SBOE members suggested on Friday that because 280 of 429 textbooks submitted for adoption have already been rated as covering all of the state’s required curriculum standards (TEKS), they don’t see why groups (like TFN) have warned that there are problems with the review process.

Those numbers include all of the products submitted for adoption by publishers this year, including for K-12 science, K-8 math and technology applications. But of 18 products submitted by publishers for high school biology, the “preliminary” August reports from the review panels rated 13 as not covering all of the required curriculum standards. (Four of the 18 products are digital versions of submitted print textbooks with essentially the same content. Those 18 products come from 14 different publishers.) The review panels marked down nine of the 13 for their coverage of TEKS standards related in some way to evolution. Another three products that got ratings of 100% on TEKS coverage were nevertheless criticized by a reviewer for not including “creation science based on biblical principles.” In short, even if many other science, math and technology applications products got through the review process with little problem, that wasn’t true for the majority of high school biology products. That’s because the review teams were stacked with unqualified activists who reject the established, mainstream science on evolution.

SBOE members insisted that no one is trying to insert creationism into biology textbooks.

That’s not true. In fact, at least one of the textbook reviewers has called for including “creation science based on biblical principles” in biology textbooks. She was one of three anti-evolution activists assigned to a panel of four reviewers meeting last month in Austin. Regardless, publishers know that the courts would bar teaching about creationism in textbooks and science classrooms. That’s why anti-evolution activists have focused mostly on pressuring publishers to insert into their textbooks arguments attacking evolution — even though scientists long ago debunked those arguments.

11 thoughts on “Clearing Up Some Things about the Texas Science Textbook Review

  1. Dan’s column is an outstanding response–logical, correct, and principled–to Ken Mercer, Barbara Cargill, and the other radical religious right-wing Republicans on the State Board of Education. I am writing a similar response myself, particularly to the sneering and groundless complaints of Mercer. These individuals persistently engage in the most ideology-driven and underhanded manipulations of process and then have the hypocrisy to complain when their unethical efforts are exposed by perfectly legal means. Shame on them. Good work, TFN.

  2. For people who have appointed themselves to be God’s personal and approved representatives on Earth for Texas education, they do not seem to know cow poop about the Bible. The bible plainly says:

    “For there is nothing covered, that shall not be revealed; neither hid, that shall not be known.

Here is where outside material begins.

(* Let $G$ be an abelian, second countable, locally compact group with Haar measure $\mu$, let $K\subset G$ be a Borel set which is a semigroup, and assume there is a F\o lner sequence $(\Lambda_n)$ in $G$ with $\Lambda_n\subset K$ for all $n$. Let $\Sigma$ be the $\sigma$-algebra of Borel subsets of $G$ contained in $K$, and let $E\in\Sigma$ be relatively dense in $K$. Then: (1) There exist $r\in\mathbb{N}$ and $g_1,\dots,g_r\in K$ such that for each $B\in\Sigma$ with $\mu(B)<\infty$ there is $j\in\{1,\dots,r\}$ with $\mu((Bg_j)\cap E)\ge\mu(B)/r$. (2) $E$ has positive lower density relative to some F\o lner sequence $(\Lambda'_n)$ in $G$ with $\Lambda'_n\subset K$ for all $n$. (3) If $f:K\to\mathbb{R}$ is $\Sigma$-measurable with $f\ge0$ and $f(g)\ge\alpha$ for some $\alpha>0$ and all $g\in E$, then there exists a F\o lner sequence $(\Lambda'_n)$ in $G$ with $\Lambda'_n\subset K$ for all $n$ such that $\liminf_{n\to\infty}\frac{1}{\mu(\Lambda'_n)}\int_{\Lambda'_n}f\,d\mu>0$.
   Context: A F\o lner sequence in $G$ is a sequence $(\Lambda_n)$ of compact subsets with $\mu(\Lambda_n)>0$ and $\lim_n\mu(\Lambda_n\,\Delta\,(\Lambda_ng))/\mu(\Lambda_n)=0$ for all $g\in G$. A set $E\subset K$ is relatively dense in $K$ if there exist $r\in\mathbb{N}$ and $g_1,\dots,g_r\in K$ with $E\cap\{gg_1,\dots,gg_r\}\neq\varnothing$ for all $g\in K$. $Bg=\{bg:b\in B\}$. A set $V\in\Sigma$ has positive lower density relative to $(\Lambda'_n)$ if $\liminf_{n\to\infty}\mu(\Lambda'_n\cap V)/\mu(\Lambda'_n)>0$. *)

theory Defs
  imports "HOL-Analysis.Analysis"
begin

    Therefore whatsoever ye have spoken in darkness shall be heard in the light; and that which ye have spoken in the ear in closets shall be proclaimed upon the housetops.” (Luke 12:2-3)

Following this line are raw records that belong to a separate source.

lemma first_repetition:
  fixes f :: "nat \<Rightarrow> 'a"
  assumes "finite (range f)"
  obtains l m where "l < m" and "f m = f l" and "inj_on f {..<m}"
proof -
  define P where "P m \<longleftrightarrow> (\<exists>l<m. f l = f m)" for m
  define m where "m = (LEAST m. P m)"
  have "\<not> inj f" using assms finite_imageD infinite_UNIV_nat by blast
  then obtain a b where "a < b" "f a = f b" unfolding inj_def by (metis nat_neq_iff)
  then have "P b" unfolding P_def by blast
  then have "P m" unfolding m_def by (rule LeastI)
  then obtain l where "l < m" "f l = f m" unfolding P_def by blast
  moreover have "inj_on f {..<m}"
  proof (rule inj_onI)
    fix a b assume "a \<in> {..<m}" "b \<in> {..<m}" "f a = f b"
    then have "\<not> P a" "\<not> P b" using not_less_Least unfolding m_def by auto
    then show "a = b" using \<open>f a = f b\<close> unfolding P_def by (metis nat_neq_iff)
  qed
  ultimately show thesis using that by simp
qed

definition fractional_entries :: "'a set \<Rightarrow> 'b set \<Rightarrow> ('a \<Rightarrow> 'b \<Rightarrow> real) \<Rightarrow> ('a \<times> 'b) set" where
  "fractional_entries R V x = {(i, v) \<in> R \<times> V. x i v \<notin> \<int>}"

    Perhaps TFN is God’s real representative in this process.

  3. You know, it also bothered me that the first pro-science witness to be thoroughly grilled at the podium (on where he was getting his information, etc.) was a young Latino man who’d driven up from McAllen to #StandUp4Science. It made me cringe, like he was being scolded publicly for “uppity” behavior. Texas deserves SO much better.

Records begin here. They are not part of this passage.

lemma shuffle_antisymmetrization_disjoint:
  assumes "finite A" "finite B" "A \<inter> B = {}" "even_pos_degrees d (\<pi> ` (A \<union> B))"
  shows "lin2 (shw d) (antisymmetrization \<pi> A) (antisymmetrization \<pi> B) =
         cmul ((-1) ^ set_inversions A B) (antisymmetrization \<pi> (A \<union> B))"
proof -
  let ?M = "shuffle_masks (card A) (card B)"
  define g where "g w = Poly_Mapping.single (letters (map \<pi> w)) ((-1) ^ set_inversions A B * (-1 :: rat) ^ inversions w)"
    for w
  have "lin2 (shw d) (antisymmetrization \<pi> A) (antisymmetrization \<pi> B) =
    (\<Sum>u\<in>permutations_of_set A. \<Sum>v\<in>permutations_of_set B.
       cmul ((-1) ^ inversions u * (-1) ^ inversions v) (shw d (letters (map \<pi> u)) (letters (map \<pi> v))))"
    by (simp add: lin2_eq_lin_left antisymmetrization_def lin_sum cmul_sum mult.commute)
  also have "\<dots> = (\<Sum>u\<in>permutations_of_set A. \<Sum>v\<in>permutations_of_set B. \<Sum>m\<in>?M. g (interleave m u v))"
  proof (intro sum.cong refl)
    fix u v assume uv: "u \<in> permutations_of_set A" "v \<in> permutations_of_set B"
    then have "even_pos_degrees d (set (map \<pi> u) \<union> set (map \<pi> v))"
      using assms(4) by (auto simp: permutations_of_set_def even_pos_degrees_def)
    moreover have "fits_mask m u v" if "m \<in> ?M" for m
      using that uv by (simp add: fits_mask_def length_finite_permutations_of_set)
    ultimately show "cmul ((-1) ^ inversions u * (-1) ^ inversions v) (shw d (letters (map \<pi> u)) (letters (map \<pi> v)))
        = (\<Sum>m\<in>?M. g (interleave m u v))"
      using uv assms(3)
      by (auto simp: shw_letters length_finite_permutations_of_set map_interleave cmul_sum g_def
          sign_interleave intro!: sum.cong)
  qed
  also have "\<dots> = (\<Sum>x\<in>permutations_of_set A \<times> permutations_of_set B \<times> ?M. g ((\<lambda>(u, v, m). interleave m u v) x))"
    by (simp add: sum.cartesian_product prod.case_distrib)
  also have "\<dots> = (\<Sum>w\<in>permutations_of_set (A \<union> B). g w)"
    using interleave_bij_betw[OF assms(1-3)] by (rule sum.reindex_bij_betw)
  finally show ?thesis
    by (simp add: g_def antisymmetrization_def cmul_sum)
qed

lemma antisymmetrization_image:
  assumes "strict_mono_on A f"
  shows "antisymmetrization \<pi> (f ` A) = antisymmetrization (\<pi> \<circ> f) A"
proof -
  have "inj_on f A"
    using assms by (rule strict_mono_on_imp_inj_on)
  then have "inj_on (map f) (permutations_of_set A)"
    by (intro inj_on_mapI inj_on_subset[OF \<open>inj_on f A\<close>]) (auto dest: permutations_of_setD)
  moreover have "inversions (map f w) = inversions w" if "w \<in> permutations_of_set A" for w
    using that assms by (intro inversions_map_mono) (auto dest: permutations_of_setD strict_mono_on_less)
  ultimately show ?thesis
    unfolding antisymmetrization_def permutations_of_set_image_inj[OF \<open>inj_on f A\<close>]
    by (simp add: sum.reindex)
qed

lemma antisymmetrization_collapse:
  assumes "x \<in> C" "Suc x \<in> C" "\<pi> x = \<pi> (Suc x)"
  shows "antisymmetrization \<pi> C = 0"
  unfolding antisymmetrization_def
proof (rule sum_involution_eq_0[where h = "map (transpose x (Suc x))"])
  let ?\<tau> = "transpose x (Suc x)"
  fix w assume w: "w \<in> permutations_of_set C"
  then have "map ?\<tau> w \<in> map ?\<tau> ` permutations_of_set C"
    by blast
  then show "map ?\<tau> w \<in> permutations_of_set C"
    by (simp only: permutations_of_set_image_permutes[OF permutes_swap_id[OF assms(1,2)]])
  show "map ?\<tau> (map ?\<tau> w) = w"
    by simp
  have "x \<in> set w" "Suc x \<in> set w" "distinct w"
    using w assms(1,2) by (auto dest: permutations_of_setD)
  then have "odd (inversions (map ?\<tau> w) + inversions w)"
    by (intro inversions_transpose_Suc)
  then have sign: "(-1 :: rat) ^ inversions (map ?\<tau> w) = - ((-1) ^ inversions w)"
    by (auto simp: minus_one_power_iff)
  have word: "map \<pi> (map ?\<tau> w) = map \<pi> w"
    using assms(3) by (auto simp: transpose_def)
  show "Poly_Mapping.single (letters (map \<pi> (map ?\<tau> w))) ((-1 :: rat) ^ inversions (map ?\<tau> w))
      + Poly_Mapping.single (letters (map \<pi> w)) ((-1) ^ inversions w) = 0"
    unfolding sign word single_uminus by simp
  show "map ?\<tau> w \<noteq> w"
  proof
    assume "map ?\<tau> w = w"
    then have "\<forall>z\<in>set w. ?\<tau> z = z"
      by (metis map_eq_conv map_ident)
    with \<open>x \<in> set w\<close> show False
      by (metis Suc_n_not_n transpose_apply_first)
  qed
qed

    1. I noticed that, too. Mercer and Bradley tried to intimidate young individuals who testified, but they didn’t dare ask such questions of Kathy Miller or me, knowing we would skewer them for their hypocrisy.

  4. Among those appointed as reviewers for high school biology textbooks were a dietician/nutritionist, a mechanical engineer, a civil engineer, a systems engineer, an equine vet, a chemical engineer and a systems (network) engineer.

    More anecdata for the Salem Hypothesis.

  5. I can’t think of any reason why the teachers who have to teach from these textbooks aren’t the ones who review the books. I hope that if the “religious” group that supports putting bible lessons in biology textbooks have their way that the teachers will ignore those parts, an teach only biology.